Но и тут не вспылил Старков, но только напрягся весь, и волосы, подбитые кружком, как бы вздыбились. Отошел к печи и уже издали продолжал с настойчивой, неколебимой силой:
– Сам ты еретик, и вера твоя беспоповская самая ни на есть еретическая. И вдвойне ты еретик, что в никонианской церкви служил, в колоколы зазывал прихожан к врагам своим, смущая душу, а сам крестился дланью. И втройне ты еретик, что, отвергая по вере своей жену, однако женат был. А много ли надо, чтобы рухнуть душе? И вот рассыпалась она от блуда, ибо нельзя верить во много вер сразу. Отсюда и бесы в тебе, ибо ты самый безверный человек, и крест тебе не подмога. А бесы чуют слабую душу, чу-ют.
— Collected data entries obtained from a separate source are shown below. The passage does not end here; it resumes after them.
lemma null_sets_lborel_of_null_lines:
  fixes S :: "'a::euclidean_space set" and u :: 'a
  assumes S: "S \<in> sets borel" and lines: "\<And>z. {t::real. z + t *\<^sub>R u \<in> S} \<in> null_sets lborel"
  shows "S \<in> null_sets lborel"
proof -
  have "(\<lambda>(t, z). indicator {0..1::real} t * indicator S (z + t *\<^sub>R u) :: ennreal)
      \<in> borel_measurable ((lborel :: real measure) \<Otimes>\<^sub>M (lborel :: 'a measure))"
    using S by measurable
  from pair_sigma_finite.Fubini'[OF _ this] have Fubini:
    "(\<integral>\<^sup>+ t. \<integral>\<^sup>+ z. indicator {0..1} t * indicator S (z + t *\<^sub>R u) \<partial>lborel \<partial>lborel)
      = (\<integral>\<^sup>+ z. \<integral>\<^sup>+ t. indicator {0..1::real} t * indicator S (z + t *\<^sub>R u) \<partial>lborel \<partial>(lborel :: 'a measure))"
    by (simp add: pair_sigma_finite.intro sigma_finite_lborel)
  have "emeasure lborel S = (\<integral>\<^sup>+ t. indicator {0..1::real} t * emeasure lborel S \<partial>lborel)"
    by (simp add: nn_integral_multc)
  also have "\<dots> = (\<integral>\<^sup>+ t. \<integral>\<^sup>+ z. indicator {0..1} t * indicator S (z + t *\<^sub>R u) \<partial>lborel \<partial>lborel)"
  proof (intro nn_integral_cong)
    fix t :: real
    have "(\<lambda>z. indicator S (z + t *\<^sub>R u) :: ennreal) \<in> borel_measurable lborel"
      using S by measurable
    then show "indicator {0..1} t * emeasure lborel S
        = (\<integral>\<^sup>+ z. indicator {0..1} t * indicator S (z + t *\<^sub>R u) \<partial>lborel)"
      by (simp add: nn_integral_cmult emeasure_lborel_eq_nn_integral_translate[OF S, of "t *\<^sub>R u"])
  qed
  also have "\<dots> = (\<integral>\<^sup>+ z. \<integral>\<^sup>+ t. indicator {0..1::real} t * indicator S (z + t *\<^sub>R u) \<partial>lborel \<partial>lborel)"
    by (rule Fubini)
  also have "\<dots> = (\<integral>\<^sup>+ z. 0 \<partial>(lborel :: 'a measure))"
  proof (rule nn_integral_cong)
    fix z :: 'a
    have "(\<integral>\<^sup>+ t. indicator {0..1::real} t * indicator S (z + t *\<^sub>R u) \<partial>lborel)
        \<le> (\<integral>\<^sup>+ t. indicator {t. z + t *\<^sub>R u \<in> S} t \<partial>lborel)"
      by (intro nn_integral_mono) (auto simp: indicator_def)
    also have "\<dots> = 0"
      using lines[of z] by (subst nn_integral_indicator) auto
    finally show "(\<integral>\<^sup>+ t. indicator {0..1::real} t * indicator S (z + t *\<^sub>R u) \<partial>lborel) = 0"
      by simp
  qed
  finally show ?thesis
    using S by (simp add: null_sets_def)
qed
Но Насонов, отвернувшись к стене, смолчал, не желая более тратить слов на еретика. Лишь под вечер, когда навестил надзиратель, расстрига-пономарь попросился в тюремную больницу. А через неделю в башне затеяли ремонт, и сидельцев перевели в общую камеру.
Глава третья
Два ката было в тюремном замке, и вдруг оба запросились с бессрочной должности.
Илья Лазарев, крестьянин из Пурнемы, был замешан в убийстве крестьянской девки Авдотьи Егоровой. Приговоренный когда-то к восьмидесяти ударам розгой, арестантской роте и ссылке в Восточную Сибирь, испугался лечь под розги, битым быть, и с такой робости пошел в палачи. Восемнадцать лет отслужил заплечных дел мастером и вот сдал ныне: сухая чахотка точит грудь, ломота в ногах, в глазах студень, видит от близорукости не далее четверти аршина. От плохого зрения не раз, случалось, попадал розгою не по тем частям тела, куда полагалось, за что и сам бит неоднократно по распоряжению полицмейстера Шепетковского. Какая гроза от палача, какой ужас? Ныне одна жалость при виде заплечного мастера Ильи Лазарева: волос с головы пропал, щеки к зубам присохли, серые, как овечья шерсть, плечи согнуло. Волочится по тюремным коридорам как тень иль долго стоит в тени и смотрит куда-то вдаль. Кажется, плюнь на такого – упадет и растает в тюремном камне. Одного мгновения однажды убоялся – лечь на скамью и вынести первый ожог плетью; а там вой, рычи, кляни матом, расслабься киселем. Эка невидаль – восемьдесят розог для сильного человека; да никто от них на веку не умирал. А тут запечатал себя, как в монастырь, без конвойного ни на шаг из замка: идешь на базар, чтоб сайку крупитчатую пятикопеечную взять иль трещочки фунтик, а сзади часовой волочится, дозорит. Если жена Акулина когда навестит, так в палаческой намилуешься, как наплачешься. Собачья жизнь. Пока в катах состоял, пока иго то носил, народились сыновья Санаха, Петруха, Никишка да две девки. Его ли, Ильи Лазарева, они иль чужие пестуны, пойми: меньшой-то, Феньке, полтора годика, а волосы как пламень. Нет, не нашего она роду-племени, не лазаревского.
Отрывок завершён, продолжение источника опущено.